### Work order
How many lines below contain the word "qmap"? Reply solely with the number.

________________

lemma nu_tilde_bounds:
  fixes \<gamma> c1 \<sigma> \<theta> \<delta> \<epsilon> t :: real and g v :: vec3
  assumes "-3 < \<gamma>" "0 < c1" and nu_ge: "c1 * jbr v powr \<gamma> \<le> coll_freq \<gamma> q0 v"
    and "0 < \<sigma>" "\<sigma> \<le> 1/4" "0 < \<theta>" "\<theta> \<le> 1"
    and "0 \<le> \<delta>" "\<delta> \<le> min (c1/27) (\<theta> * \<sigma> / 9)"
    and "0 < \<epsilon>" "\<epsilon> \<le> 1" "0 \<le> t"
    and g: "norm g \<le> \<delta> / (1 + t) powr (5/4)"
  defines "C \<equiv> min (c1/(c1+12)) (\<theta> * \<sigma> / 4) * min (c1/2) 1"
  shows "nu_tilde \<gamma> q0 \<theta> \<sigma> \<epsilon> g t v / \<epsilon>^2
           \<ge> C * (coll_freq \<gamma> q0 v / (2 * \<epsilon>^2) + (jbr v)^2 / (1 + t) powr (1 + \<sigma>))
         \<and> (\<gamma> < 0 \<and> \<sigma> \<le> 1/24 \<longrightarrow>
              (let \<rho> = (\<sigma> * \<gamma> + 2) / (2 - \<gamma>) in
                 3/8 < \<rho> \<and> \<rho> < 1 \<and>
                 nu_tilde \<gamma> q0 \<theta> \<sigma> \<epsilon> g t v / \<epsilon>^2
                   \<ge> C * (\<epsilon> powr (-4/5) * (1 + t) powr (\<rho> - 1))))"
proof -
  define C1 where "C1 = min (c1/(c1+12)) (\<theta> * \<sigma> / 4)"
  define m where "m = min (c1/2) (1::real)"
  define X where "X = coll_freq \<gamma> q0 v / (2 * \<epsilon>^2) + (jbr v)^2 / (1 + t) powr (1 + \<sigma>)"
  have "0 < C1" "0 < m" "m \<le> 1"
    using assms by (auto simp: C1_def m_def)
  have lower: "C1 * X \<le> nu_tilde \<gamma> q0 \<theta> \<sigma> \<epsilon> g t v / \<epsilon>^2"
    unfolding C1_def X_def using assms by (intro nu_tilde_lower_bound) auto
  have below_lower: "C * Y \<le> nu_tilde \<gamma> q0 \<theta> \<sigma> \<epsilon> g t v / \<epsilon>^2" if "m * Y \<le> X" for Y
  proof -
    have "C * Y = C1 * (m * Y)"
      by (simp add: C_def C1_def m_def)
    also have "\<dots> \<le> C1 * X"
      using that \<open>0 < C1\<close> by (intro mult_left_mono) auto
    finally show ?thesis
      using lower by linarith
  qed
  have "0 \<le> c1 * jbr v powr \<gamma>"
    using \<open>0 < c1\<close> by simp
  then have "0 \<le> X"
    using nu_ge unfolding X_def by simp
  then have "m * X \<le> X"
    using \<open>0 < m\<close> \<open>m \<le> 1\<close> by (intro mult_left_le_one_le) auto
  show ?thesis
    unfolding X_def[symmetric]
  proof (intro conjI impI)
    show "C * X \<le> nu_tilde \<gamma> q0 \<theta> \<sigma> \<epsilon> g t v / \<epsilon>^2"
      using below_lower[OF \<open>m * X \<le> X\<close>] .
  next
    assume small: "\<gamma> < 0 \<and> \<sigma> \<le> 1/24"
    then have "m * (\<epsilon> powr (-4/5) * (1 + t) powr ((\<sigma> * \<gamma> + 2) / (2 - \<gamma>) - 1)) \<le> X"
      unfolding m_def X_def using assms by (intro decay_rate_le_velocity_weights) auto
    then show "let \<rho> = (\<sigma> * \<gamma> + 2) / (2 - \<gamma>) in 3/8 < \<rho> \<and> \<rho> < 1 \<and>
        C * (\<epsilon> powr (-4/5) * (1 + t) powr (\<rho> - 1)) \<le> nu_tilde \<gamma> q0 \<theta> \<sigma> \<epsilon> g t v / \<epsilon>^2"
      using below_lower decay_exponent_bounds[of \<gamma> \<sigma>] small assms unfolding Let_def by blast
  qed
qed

________________

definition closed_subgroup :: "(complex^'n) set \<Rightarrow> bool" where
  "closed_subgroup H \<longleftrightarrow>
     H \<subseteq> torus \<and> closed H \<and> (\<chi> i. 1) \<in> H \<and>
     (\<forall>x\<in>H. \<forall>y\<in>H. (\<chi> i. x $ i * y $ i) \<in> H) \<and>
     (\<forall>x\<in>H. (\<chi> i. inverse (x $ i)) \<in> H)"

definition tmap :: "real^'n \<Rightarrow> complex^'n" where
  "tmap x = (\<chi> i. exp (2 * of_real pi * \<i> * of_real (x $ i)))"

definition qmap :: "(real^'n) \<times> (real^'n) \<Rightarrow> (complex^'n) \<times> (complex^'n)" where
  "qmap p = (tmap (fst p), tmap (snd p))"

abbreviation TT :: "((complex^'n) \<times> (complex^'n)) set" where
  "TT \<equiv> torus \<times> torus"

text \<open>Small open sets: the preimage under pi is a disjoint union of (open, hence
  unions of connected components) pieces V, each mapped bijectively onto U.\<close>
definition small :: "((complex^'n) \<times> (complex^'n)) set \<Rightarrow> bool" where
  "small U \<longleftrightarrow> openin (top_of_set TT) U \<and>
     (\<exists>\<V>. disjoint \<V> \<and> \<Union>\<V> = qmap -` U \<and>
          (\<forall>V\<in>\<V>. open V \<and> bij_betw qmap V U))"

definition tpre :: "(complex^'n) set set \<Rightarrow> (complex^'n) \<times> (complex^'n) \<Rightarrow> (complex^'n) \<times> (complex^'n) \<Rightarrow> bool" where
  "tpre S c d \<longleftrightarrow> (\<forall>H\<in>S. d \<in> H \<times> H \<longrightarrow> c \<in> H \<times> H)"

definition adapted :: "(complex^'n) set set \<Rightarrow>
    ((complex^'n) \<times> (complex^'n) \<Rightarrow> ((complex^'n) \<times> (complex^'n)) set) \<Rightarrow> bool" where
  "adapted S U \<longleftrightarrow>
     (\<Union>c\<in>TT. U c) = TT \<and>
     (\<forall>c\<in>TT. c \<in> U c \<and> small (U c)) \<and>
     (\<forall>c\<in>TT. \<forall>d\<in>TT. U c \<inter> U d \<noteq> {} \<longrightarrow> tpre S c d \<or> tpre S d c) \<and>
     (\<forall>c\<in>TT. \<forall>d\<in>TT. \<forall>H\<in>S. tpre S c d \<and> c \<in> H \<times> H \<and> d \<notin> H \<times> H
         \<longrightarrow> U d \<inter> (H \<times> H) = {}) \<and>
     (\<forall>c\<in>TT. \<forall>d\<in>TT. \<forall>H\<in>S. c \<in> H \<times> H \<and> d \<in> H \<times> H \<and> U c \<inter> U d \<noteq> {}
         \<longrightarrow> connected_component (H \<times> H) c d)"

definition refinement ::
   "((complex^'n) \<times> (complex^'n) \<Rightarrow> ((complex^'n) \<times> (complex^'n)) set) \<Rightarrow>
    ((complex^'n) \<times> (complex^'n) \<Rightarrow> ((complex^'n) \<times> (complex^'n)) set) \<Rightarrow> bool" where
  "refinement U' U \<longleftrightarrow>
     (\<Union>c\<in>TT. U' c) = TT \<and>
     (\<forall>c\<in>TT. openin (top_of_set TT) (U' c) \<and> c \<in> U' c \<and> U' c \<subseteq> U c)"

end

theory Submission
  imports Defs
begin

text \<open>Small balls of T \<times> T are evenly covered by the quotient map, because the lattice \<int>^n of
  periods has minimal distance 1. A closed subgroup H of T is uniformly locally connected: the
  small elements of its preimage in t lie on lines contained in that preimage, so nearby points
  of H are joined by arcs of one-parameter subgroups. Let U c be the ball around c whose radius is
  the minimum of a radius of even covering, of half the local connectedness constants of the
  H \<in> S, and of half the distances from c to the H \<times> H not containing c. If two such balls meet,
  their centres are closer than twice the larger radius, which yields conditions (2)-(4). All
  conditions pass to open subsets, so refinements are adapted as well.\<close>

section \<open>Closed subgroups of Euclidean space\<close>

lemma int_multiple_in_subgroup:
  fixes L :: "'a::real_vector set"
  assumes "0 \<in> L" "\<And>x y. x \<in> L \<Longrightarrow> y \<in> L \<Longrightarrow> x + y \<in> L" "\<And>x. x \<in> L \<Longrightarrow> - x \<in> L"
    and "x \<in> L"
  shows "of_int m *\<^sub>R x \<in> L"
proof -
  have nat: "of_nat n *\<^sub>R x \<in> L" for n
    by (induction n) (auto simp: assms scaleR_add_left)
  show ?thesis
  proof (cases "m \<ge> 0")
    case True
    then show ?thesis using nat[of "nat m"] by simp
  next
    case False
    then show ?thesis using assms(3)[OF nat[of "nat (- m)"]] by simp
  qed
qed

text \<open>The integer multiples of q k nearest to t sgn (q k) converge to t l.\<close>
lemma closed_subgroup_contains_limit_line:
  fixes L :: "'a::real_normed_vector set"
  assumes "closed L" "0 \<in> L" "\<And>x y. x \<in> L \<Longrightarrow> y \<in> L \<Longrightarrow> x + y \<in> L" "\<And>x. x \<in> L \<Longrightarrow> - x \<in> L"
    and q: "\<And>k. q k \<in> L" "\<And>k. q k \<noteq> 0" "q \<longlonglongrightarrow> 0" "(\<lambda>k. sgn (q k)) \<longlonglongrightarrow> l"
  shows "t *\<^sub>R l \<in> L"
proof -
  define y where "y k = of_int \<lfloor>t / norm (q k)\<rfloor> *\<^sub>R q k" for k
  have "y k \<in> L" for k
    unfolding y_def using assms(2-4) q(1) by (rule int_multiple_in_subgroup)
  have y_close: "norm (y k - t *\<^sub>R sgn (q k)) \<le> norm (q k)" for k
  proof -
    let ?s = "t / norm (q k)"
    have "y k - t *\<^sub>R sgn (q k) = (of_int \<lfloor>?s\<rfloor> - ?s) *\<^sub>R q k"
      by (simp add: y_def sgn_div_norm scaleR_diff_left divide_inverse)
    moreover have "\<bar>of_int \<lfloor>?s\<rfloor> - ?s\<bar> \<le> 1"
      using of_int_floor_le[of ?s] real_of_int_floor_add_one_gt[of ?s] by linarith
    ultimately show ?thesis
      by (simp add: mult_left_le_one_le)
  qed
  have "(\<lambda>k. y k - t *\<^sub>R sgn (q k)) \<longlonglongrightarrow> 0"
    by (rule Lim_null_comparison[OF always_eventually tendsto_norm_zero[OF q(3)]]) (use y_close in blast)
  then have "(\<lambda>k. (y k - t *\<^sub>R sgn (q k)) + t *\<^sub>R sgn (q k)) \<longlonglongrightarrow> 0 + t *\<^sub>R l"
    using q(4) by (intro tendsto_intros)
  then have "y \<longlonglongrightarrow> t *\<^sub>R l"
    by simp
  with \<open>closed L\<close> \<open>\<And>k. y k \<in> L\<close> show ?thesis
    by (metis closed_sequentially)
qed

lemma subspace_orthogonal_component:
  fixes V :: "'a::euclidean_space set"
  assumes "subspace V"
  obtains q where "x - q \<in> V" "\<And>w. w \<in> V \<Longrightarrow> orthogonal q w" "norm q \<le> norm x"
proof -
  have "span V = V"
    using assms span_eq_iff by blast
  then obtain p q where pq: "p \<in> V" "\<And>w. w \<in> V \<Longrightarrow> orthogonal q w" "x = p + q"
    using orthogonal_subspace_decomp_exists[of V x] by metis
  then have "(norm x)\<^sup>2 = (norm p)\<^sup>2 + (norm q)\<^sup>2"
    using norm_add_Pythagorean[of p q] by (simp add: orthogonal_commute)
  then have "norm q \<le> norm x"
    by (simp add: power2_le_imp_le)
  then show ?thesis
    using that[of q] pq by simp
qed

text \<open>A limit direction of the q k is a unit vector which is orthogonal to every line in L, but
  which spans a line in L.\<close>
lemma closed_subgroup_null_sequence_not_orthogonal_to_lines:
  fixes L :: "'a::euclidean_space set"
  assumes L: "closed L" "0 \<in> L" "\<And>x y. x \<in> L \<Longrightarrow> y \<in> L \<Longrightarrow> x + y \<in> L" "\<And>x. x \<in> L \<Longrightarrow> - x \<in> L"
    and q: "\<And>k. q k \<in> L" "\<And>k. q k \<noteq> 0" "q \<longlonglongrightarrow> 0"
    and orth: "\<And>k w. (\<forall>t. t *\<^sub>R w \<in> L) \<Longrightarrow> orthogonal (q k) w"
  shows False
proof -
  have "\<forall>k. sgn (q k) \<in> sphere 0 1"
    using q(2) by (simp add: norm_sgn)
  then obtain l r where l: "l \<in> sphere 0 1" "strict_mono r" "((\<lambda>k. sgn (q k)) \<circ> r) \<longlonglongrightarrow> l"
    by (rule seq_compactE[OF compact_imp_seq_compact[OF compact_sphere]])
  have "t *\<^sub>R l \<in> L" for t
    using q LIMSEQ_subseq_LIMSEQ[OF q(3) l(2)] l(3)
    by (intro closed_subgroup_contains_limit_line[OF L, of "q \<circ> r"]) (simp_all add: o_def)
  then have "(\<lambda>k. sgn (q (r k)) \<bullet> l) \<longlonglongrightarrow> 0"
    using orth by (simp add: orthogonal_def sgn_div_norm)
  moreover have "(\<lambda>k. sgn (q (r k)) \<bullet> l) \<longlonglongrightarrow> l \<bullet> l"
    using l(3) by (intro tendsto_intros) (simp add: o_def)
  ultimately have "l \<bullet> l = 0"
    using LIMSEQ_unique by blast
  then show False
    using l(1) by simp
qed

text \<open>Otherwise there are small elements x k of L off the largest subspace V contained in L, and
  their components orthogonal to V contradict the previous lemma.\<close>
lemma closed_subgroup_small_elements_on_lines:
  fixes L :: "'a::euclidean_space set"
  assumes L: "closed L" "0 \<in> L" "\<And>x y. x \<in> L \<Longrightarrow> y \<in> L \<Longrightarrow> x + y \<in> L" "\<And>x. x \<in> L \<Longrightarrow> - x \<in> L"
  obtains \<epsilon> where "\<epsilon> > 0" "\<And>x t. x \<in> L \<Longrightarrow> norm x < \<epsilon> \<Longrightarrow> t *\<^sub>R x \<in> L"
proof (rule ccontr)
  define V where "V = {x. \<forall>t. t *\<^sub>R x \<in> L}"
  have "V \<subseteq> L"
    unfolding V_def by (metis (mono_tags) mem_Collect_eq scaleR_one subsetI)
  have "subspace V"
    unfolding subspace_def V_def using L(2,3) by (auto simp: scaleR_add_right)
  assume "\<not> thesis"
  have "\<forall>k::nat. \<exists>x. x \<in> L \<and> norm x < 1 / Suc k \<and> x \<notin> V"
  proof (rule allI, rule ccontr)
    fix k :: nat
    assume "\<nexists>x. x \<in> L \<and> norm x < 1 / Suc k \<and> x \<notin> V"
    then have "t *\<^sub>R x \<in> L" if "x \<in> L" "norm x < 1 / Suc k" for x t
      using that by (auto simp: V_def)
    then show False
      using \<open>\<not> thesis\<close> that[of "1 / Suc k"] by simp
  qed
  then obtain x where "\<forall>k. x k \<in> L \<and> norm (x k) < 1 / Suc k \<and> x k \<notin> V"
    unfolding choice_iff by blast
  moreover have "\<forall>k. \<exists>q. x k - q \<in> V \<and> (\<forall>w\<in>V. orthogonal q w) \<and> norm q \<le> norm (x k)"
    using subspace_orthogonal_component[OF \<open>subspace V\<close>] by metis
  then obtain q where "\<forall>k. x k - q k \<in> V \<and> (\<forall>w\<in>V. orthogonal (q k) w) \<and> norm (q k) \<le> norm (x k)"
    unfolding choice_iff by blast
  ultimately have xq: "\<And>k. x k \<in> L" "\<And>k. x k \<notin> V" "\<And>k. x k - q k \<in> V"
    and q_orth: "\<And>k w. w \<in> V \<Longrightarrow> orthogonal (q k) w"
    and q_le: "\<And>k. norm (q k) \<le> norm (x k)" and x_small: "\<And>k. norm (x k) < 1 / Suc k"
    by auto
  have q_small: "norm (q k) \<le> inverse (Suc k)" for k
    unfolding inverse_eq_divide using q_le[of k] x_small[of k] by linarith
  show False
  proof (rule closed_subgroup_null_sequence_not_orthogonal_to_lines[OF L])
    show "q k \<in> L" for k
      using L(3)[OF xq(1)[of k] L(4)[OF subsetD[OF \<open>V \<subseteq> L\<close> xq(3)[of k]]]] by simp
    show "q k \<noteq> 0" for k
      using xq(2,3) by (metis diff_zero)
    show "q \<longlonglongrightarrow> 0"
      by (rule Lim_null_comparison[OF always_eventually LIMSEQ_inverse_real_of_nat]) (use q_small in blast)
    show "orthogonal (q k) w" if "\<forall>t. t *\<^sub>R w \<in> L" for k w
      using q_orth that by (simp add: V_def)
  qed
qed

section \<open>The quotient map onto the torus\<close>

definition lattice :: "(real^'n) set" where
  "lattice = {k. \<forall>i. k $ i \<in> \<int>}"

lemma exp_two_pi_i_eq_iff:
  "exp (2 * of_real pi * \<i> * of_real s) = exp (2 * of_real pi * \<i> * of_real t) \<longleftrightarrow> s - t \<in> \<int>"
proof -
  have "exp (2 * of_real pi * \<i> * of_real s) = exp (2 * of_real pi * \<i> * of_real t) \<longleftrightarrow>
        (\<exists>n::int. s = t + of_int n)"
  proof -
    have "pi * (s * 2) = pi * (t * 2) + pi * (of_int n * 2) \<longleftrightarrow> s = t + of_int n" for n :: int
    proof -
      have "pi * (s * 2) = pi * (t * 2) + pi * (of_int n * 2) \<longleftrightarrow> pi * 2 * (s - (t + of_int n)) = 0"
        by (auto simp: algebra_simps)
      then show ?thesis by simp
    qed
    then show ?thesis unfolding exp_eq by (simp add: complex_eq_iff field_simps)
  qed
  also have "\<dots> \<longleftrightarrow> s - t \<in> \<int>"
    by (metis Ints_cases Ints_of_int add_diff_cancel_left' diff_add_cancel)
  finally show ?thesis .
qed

________________

### Solution
4